#### RECORDS ####
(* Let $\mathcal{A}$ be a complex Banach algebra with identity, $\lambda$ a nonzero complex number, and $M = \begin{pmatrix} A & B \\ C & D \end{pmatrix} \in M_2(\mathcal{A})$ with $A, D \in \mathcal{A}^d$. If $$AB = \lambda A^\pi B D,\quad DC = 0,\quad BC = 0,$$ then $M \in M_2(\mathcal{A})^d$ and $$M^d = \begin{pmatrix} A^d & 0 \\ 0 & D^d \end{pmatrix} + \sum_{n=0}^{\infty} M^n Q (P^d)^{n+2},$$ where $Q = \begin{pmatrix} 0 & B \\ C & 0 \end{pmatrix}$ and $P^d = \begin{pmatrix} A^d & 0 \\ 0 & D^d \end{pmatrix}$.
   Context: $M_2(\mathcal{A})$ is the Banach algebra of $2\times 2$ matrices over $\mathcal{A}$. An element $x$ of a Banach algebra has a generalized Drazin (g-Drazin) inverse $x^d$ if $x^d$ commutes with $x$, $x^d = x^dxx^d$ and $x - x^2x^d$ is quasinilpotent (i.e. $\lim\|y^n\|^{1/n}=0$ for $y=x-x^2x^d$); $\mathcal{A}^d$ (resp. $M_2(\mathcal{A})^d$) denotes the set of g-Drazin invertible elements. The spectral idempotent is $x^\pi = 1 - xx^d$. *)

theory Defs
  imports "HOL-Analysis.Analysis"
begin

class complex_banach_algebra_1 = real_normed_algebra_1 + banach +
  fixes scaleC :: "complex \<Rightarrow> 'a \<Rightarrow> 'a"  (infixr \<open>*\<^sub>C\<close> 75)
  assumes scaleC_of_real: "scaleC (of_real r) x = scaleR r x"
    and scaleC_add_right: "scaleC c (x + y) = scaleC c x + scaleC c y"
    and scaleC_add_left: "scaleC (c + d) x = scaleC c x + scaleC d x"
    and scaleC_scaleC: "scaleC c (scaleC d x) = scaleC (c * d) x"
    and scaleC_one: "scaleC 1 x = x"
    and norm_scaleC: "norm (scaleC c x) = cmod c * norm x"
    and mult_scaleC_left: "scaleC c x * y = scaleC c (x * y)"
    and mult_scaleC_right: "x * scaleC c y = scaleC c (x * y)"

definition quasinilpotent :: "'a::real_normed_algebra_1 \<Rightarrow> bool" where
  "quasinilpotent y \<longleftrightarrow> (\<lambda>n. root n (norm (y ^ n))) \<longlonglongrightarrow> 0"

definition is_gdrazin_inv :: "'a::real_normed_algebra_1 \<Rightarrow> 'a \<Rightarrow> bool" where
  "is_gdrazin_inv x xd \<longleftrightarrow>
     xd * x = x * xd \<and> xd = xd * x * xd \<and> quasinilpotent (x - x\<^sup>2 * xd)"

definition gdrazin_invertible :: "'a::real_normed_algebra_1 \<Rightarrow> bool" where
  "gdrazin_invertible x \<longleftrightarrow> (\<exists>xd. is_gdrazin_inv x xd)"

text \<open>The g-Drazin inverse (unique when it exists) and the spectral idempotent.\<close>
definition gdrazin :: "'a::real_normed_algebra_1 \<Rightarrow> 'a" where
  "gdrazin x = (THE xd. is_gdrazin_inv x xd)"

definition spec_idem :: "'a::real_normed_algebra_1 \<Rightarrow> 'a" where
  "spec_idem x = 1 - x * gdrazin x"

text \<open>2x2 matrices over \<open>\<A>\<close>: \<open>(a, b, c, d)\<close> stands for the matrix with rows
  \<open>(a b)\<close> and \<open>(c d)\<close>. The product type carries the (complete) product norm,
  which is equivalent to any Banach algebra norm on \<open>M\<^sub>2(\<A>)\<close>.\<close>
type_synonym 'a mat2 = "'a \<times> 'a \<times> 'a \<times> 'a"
####
• **YOUR GOAL**:
Exactly as they stand above, retype all of the records.

• **ANSWER FOR THE TASK**:
(* Let $\mathcal{A}$ be a complex Banach algebra with identity, $\lambda$ a nonzero complex number, and $M = \begin{pmatrix} A & B \\ C & D \end{pmatrix} \in M_2(\mathcal{A})$ with $A, D \in \mathcal{A}^d$. If $$AB = \lambda A^\pi B D,\quad DC = 0,\quad BC = 0,$$ then $M \in M_2(\mathcal{A})^d$ and $$M^d = \begin{pmatrix} A^d & 0 \\ 0 & D^d \end{pmatrix} + \sum_{n=0}^{\infty} M^n Q (P^d)^{n+2},$$ where $Q = \begin{pmatrix} 0 & B \\ C & 0 \end{pmatrix}$ and $P^d = \begin{pmatrix} A^d & 0 \\ 0 & D^d \end{pmatrix}$.
   Context: $M_2(\mathcal{A})$ is the Banach algebra of $2\times 2$ matrices over $\mathcal{A}$. An element $x$ of a Banach algebra has a generalized Drazin (g-Drazin) inverse $x^d$ if $x^d$ commutes with $x$, $x^d = x^dxx^d$ and $x - x^2x^d$ is quasinilpotent (i.e. $\lim\|y^n\|^{1/n}=0$ for $y=x-x^2x^d$); $\mathcal{A}^d$ (resp. $M_2(\mathcal{A})^d$) denotes the set of g-Drazin invertible elements. The spectral idempotent is $x^\pi = 1 - xx^d$. *)

theory Defs
  imports "HOL-Analysis.Analysis"
begin

class complex_banach_algebra_1 = real_normed_algebra_1 + banach +
  fixes scaleC :: "complex \<Rightarrow> 'a \<Rightarrow> 'a"  (infixr \<open>*\<^sub>C\<close> 75)
  assumes scaleC_of_real: "scaleC (of_real r) x = scaleR r x"
    and scaleC_add_right: "scaleC c (x + y) = scaleC c x + scaleC c y"
    and scaleC_add_left: "scaleC (c + d) x = scaleC c x + scaleC d x"
    and scaleC_scaleC: "scaleC c (scaleC d x) = scaleC (c * d) x"
    and scaleC_one: "scaleC 1 x = x"
    and norm_scaleC: "norm (scaleC c x) = cmod c * norm x"
    and mult_scaleC_left: "scaleC c x * y = scaleC c (x * y)"
    and mult_scaleC_right: "x * scaleC c y = scaleC c (x * y)"

definition quasinilpotent :: "'a::real_normed_algebra_1 \<Rightarrow> bool" where
  "quasinilpotent y \<longleftrightarrow> (\<lambda>n. root n (norm (y ^ n))) \<longlonglongrightarrow> 0"

definition is_gdrazin_inv :: "'a::real_normed_algebra_1 \<Rightarrow> 'a \<Rightarrow> bool" where
  "is_gdrazin_inv x xd \<longleftrightarrow>
     xd * x = x * xd \<and> xd = xd * x * xd \<and> quasinilpotent (x - x\<^sup>2 * xd)"

definition gdrazin_invertible :: "'a::real_normed_algebra_1 \<Rightarrow> bool" where
  "gdrazin_invertible x \<longleftrightarrow> (\<exists>xd. is_gdrazin_inv x xd)"

text \<open>The g-Drazin inverse (unique when it exists) and the spectral idempotent.\<close>
definition gdrazin :: "'a::real_normed_algebra_1 \<Rightarrow> 'a" where
  "gdrazin x = (THE xd. is_gdrazin_inv x xd)"

definition spec_idem :: "'a::real_normed_algebra_1 \<Rightarrow> 'a" where
  "spec_idem x = 1 - x * gdrazin x"

text \<open>2x2 matrices over \<open>\<A>\<close>: \<open>(a, b, c, d)\<close> stands for the matrix with rows
  \<open>(a b)\<close> and \<open>(c d)\<close>. The product type carries the (complete) product norm,
  which is equivalent to any Banach algebra norm on \<open>M\<^sub>2(\<A>)\<close>.\<close>
type_synonym 'a mat2 = "'a \<times> 'a \<times> 'a \<times> 'a"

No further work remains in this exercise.